Why it matters: While the stock market continues climbing a wall of worry about a potential AI bubble and further policy uncertainty, dealmaking looks overwhelmingly positive.
Driving the news: The total value of the deals on Monday hit $81.4 billion.
- American Water Works and Essential Utilities announced an all-stock merger worth $63 billion.
- Novartis struck an $12 billion deal to buy rare-disease biotechnology company Avidity Biosciences.
- Huntington Bancshares agreed to acquire Cadence Bank for $7.4 billion, the second-largest regional banking deal this month.
What they're saying: "You have lower regulation. That's what's happening," says Phil Pecsok, founder and CEO of Anacapa Advisors.
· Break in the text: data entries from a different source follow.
(* For any $\mu\in\mathbb F^\times$, the elements $\prod_{i=0}^{d'-1}(A-\mu q^{2i}-\mu^{-1}q^{-2i})$, $\prod_{i=0}^{d'-1}(B-\mu q^{2i}-\mu^{-1}q^{-2i})$ and $\prod_{i=0}^{d'-1}(C-\mu q^{2i}-\mu^{-1}q^{-2i})$ are central in $\triangle_q$.
   Context: $\mathbb F$ is an algebraically closed field and $q\in\mathbb F^\times$ a root of unity of order $d\notin\{1,2,4\}$; $d'=d$ if $d$ odd, $d'=d/2$ if $d$ even. $\triangle_q$ is the unital associative $\mathbb F$-algebra with generators $A,B,C$ subject to the relations that each of $A+\frac{qBC-q^{-1}CB}{q^2-q^{-2}}$, $B+\frac{qCA-q^{-1}AC}{q^2-q^{-2}}$, $C+\frac{qAB-q^{-1}BA}{q^2-q^{-2}}$ is central. *)

theory Defs
  imports "HOL-Computational_Algebra.Polynomial"
begin

definition alg_closed :: "'f::field itself \<Rightarrow> bool" where
  "alg_closed _ \<longleftrightarrow> (\<forall>p::'f poly. degree p > 0 \<longrightarrow> (\<exists>x. poly p x = 0))"

text \<open>A unital associative F-algebra structure on a ring 'r: a unital ring
  homomorphism from F into the centre of 'r.\<close>
definition alg_emb :: "('f::field \<Rightarrow> 'r::ring_1) \<Rightarrow> bool" where
  "alg_emb emb \<longleftrightarrow> emb 1 = 1 \<and> (\<forall>x y. emb (x + y) = emb x + emb y)
     \<and> (\<forall>x y. emb (x * y) = emb x * emb y) \<and> (\<forall>x r. emb x * r = r * emb x)"

inductive_set gen_alg :: "('f::field \<Rightarrow> 'r::ring_1) \<Rightarrow> 'r \<Rightarrow> 'r \<Rightarrow> 'r \<Rightarrow> 'r set"
  for emb a b c where
  scal: "emb x \<in> gen_alg emb a b c"
| gen_a: "a \<in> gen_alg emb a b c"
| gen_b: "b \<in> gen_alg emb a b c"
| gen_c: "c \<in> gen_alg emb a b c"
| add: "x \<in> gen_alg emb a b c \<Longrightarrow> y \<in> gen_alg emb a b c \<Longrightarrow> x + y \<in> gen_alg emb a b c"
| mult: "x \<in> gen_alg emb a b c \<Longrightarrow> y \<in> gen_alg emb a b c \<Longrightarrow> x * y \<in> gen_alg emb a b c"

definition central_in :: "'r::ring_1 set \<Rightarrow> 'r \<Rightarrow> bool" where
  "central_in S x \<longleftrightarrow> (\<forall>y\<in>S. x * y = y * x)"

end

theory Submission
  imports Defs
begin

(* Put J x = x + 1/x and w = q^2, a primitive d'-th root of unity, and let
   F t = prod_{i<d'} (t - J (mu w^i)); the three elements are F A, F B and F C.
   Since prod_{i<n} (x - mu w^i) = x^n - mu^n, we get F (J x) = J (x^d') - J (mu^d') and thus
   F (J x) - F (J y) = prod_i (J x - J (y w^i)). Pairing the factors i and d' - i shows that,
   as polynomials in l and r, F l - F r is a multiple of (l - r) P(l, r), where
   P(l, r) = l^2 + r^2 - J(w) l r + J(w)^2 - 4; it suffices to check this at the points
   l = J x, r = J y, which are all points since the field is algebraically closed.
   Now let l and r act on the algebra as left and right multiplication by A. The defining
   relations write P(l, r) B in terms of the central elements attached to B and C, so it
   commutes with A: (l - r) P(l, r) kills B. Hence F l - F r kills B, i.e. F A commutes
   with B; likewise with C, and trivially with A. Cyclic symmetry of the relations gives
   the claims for B and C. *)

section \<open>Roots of unity and the Joukowski map\<close>

definition joukowski :: "'a::field \<Rightarrow> 'a" where
  "joukowski x = x + inverse x"

definition primitive_root_of_unity :: "'a::monoid_mult \<Rightarrow> nat \<Rightarrow> bool" where
  "primitive_root_of_unity w n \<longleftrightarrow> 0 < n \<and> w ^ n = 1 \<and> (\<forall>k. 0 < k \<and> k < n \<longrightarrow> w ^ k \<noteq> 1)"

lemma primitive_root_of_unity_power_eq_1_iff:
  assumes "primitive_root_of_unity w n"
  shows "w ^ k = 1 \<longleftrightarrow> n dvd k"
proof -
  have n: "0 < n" and wn: "w ^ n = 1"
    using assms by (simp_all add: primitive_root_of_unity_def)
  have "w ^ k = w ^ (n * (k div n) + k mod n)"
    by simp
  also have "\<dots> = (w ^ n) ^ (k div n) * w ^ (k mod n)"
    by (simp only: power_add power_mult)
  also have "\<dots> = w ^ (k mod n)"
    by (simp add: wn)
  finally have "w ^ k = w ^ (k mod n)" .
  moreover have "w ^ (k mod n) = 1 \<longleftrightarrow> k mod n = 0"
    using assms n by (cases "k mod n = 0") (simp_all add: primitive_root_of_unity_def)
  ultimately show ?thesis
    by (simp add: dvd_eq_mod_eq_0)
qed

lemma primitive_root_of_unityI:
  assumes "0 < n" and "\<And>k. w ^ k = 1 \<longleftrightarrow> n dvd k"
  shows "primitive_root_of_unity w n"
  using assms unfolding primitive_root_of_unity_def by (auto dest: dvd_imp_le)

lemma primitive_root_of_unity_square:
  assumes "primitive_root_of_unity q d"
  shows "primitive_root_of_unity (q ^ 2) (if odd d then d else d div 2)"
proof (rule primitive_root_of_unityI)
  show "0 < (if odd d then d else d div 2)"
    using assms by (auto simp: primitive_root_of_unity_def elim: evenE)
  fix k
  have "(q ^ 2) ^ k = 1 \<longleftrightarrow> d dvd 2 * k"
    by (metis power_mult primitive_root_of_unity_power_eq_1_iff[OF assms])
  also have "\<dots> \<longleftrightarrow> (if odd d then d else d div 2) dvd k"
  proof (cases "odd d")
    case True
    then show ?thesis
      by (simp add: coprime_dvd_mult_right_iff)
  next
    case False
    then obtain m where "d = 2 * m"
      by blast
    then show ?thesis
      by simp
  qed
  finally show "(q ^ 2) ^ k = 1 \<longleftrightarrow> (if odd d then d else d div 2) dvd k" .
qed

lemma primitive_root_of_unity_nonzero:
  "primitive_root_of_unity (w::'a::field) n \<Longrightarrow> w \<noteq> 0"
  by (auto simp: primitive_root_of_unity_def power_0_left)

lemma primitive_root_of_unity_inverse:
  "primitive_root_of_unity (w::'a::field) n \<Longrightarrow> primitive_root_of_unity (inverse w) n"
  by (auto simp: primitive_root_of_unity_def power_inverse)

lemma primitive_root_of_unity_power_inj:
  assumes "primitive_root_of_unity (w::'a::field) n"
  shows "inj_on (\<lambda>i. w ^ i) {..<n}"
proof (rule linorder_inj_onI')
  fix i j assume "i \<in> {..<n}" "j \<in> {..<n}" "i < j"
  have "w ^ j = w ^ (j - i) * w ^ i"
    using \<open>i < j\<close> by (simp flip: power_add)
  moreover have "w ^ (j - i) \<noteq> 1"
    using \<open>i < j\<close> \<open>j \<in> {..<n}\<close> primitive_root_of_unity_power_eq_1_iff[OF assms]
    by (auto dest: dvd_imp_le)
  ultimately show "w ^ i \<noteq> w ^ j"
    using primitive_root_of_unity_nonzero[OF assms] by auto
qed

lemma primitive_root_of_unity_diff_inverse_nonzero:
  assumes "primitive_root_of_unity (w::'a::field) n" and "3 \<le> n"
  shows "w - inverse w \<noteq> 0"
proof
  assume "w - inverse w = 0"
  then have "w ^ 2 = 1"
    using primitive_root_of_unity_nonzero[OF assms(1)] by (simp add: power2_eq_square field_simps)
  then show False
    using primitive_root_of_unity_power_eq_1_iff[OF assms(1), of 2] assms(2) by (auto dest: dvd_imp_le)
qed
- He attributes the surge in dealmaking to interest rates coming down, pent-up demand for M&A, and the increasingly positive regulatory backdrop under the Trump administration.
- "You have a pro-business, business president," he says.
By the numbers: Global M&A volume jumped 43% in the third quarter from a year ago, led by large strategic transactions, according to Morgan Stanley.
- The bank expects deal activity to keep rising, by 32% this year and another 20% in 2026. It forecasts $7.8 trillion in total announced transaction volume by 2027, including buybacks and sponsor deals.
Zoom out: Dealmaking is also accelerating among private companies, although largely centered around AI, according to Crunchbase.
- AI companies captured nearly half of global venture funding in the third quarter, says Gené Teare, senior data editor at Crunchbase.
What to watch: If this wave of M&A is the opening act of a multiyear boom. Looser regulatory policy, rising corporate confidence, and wide open capital markets is a mix that Morgan Stanley says could keep dealmaking hot.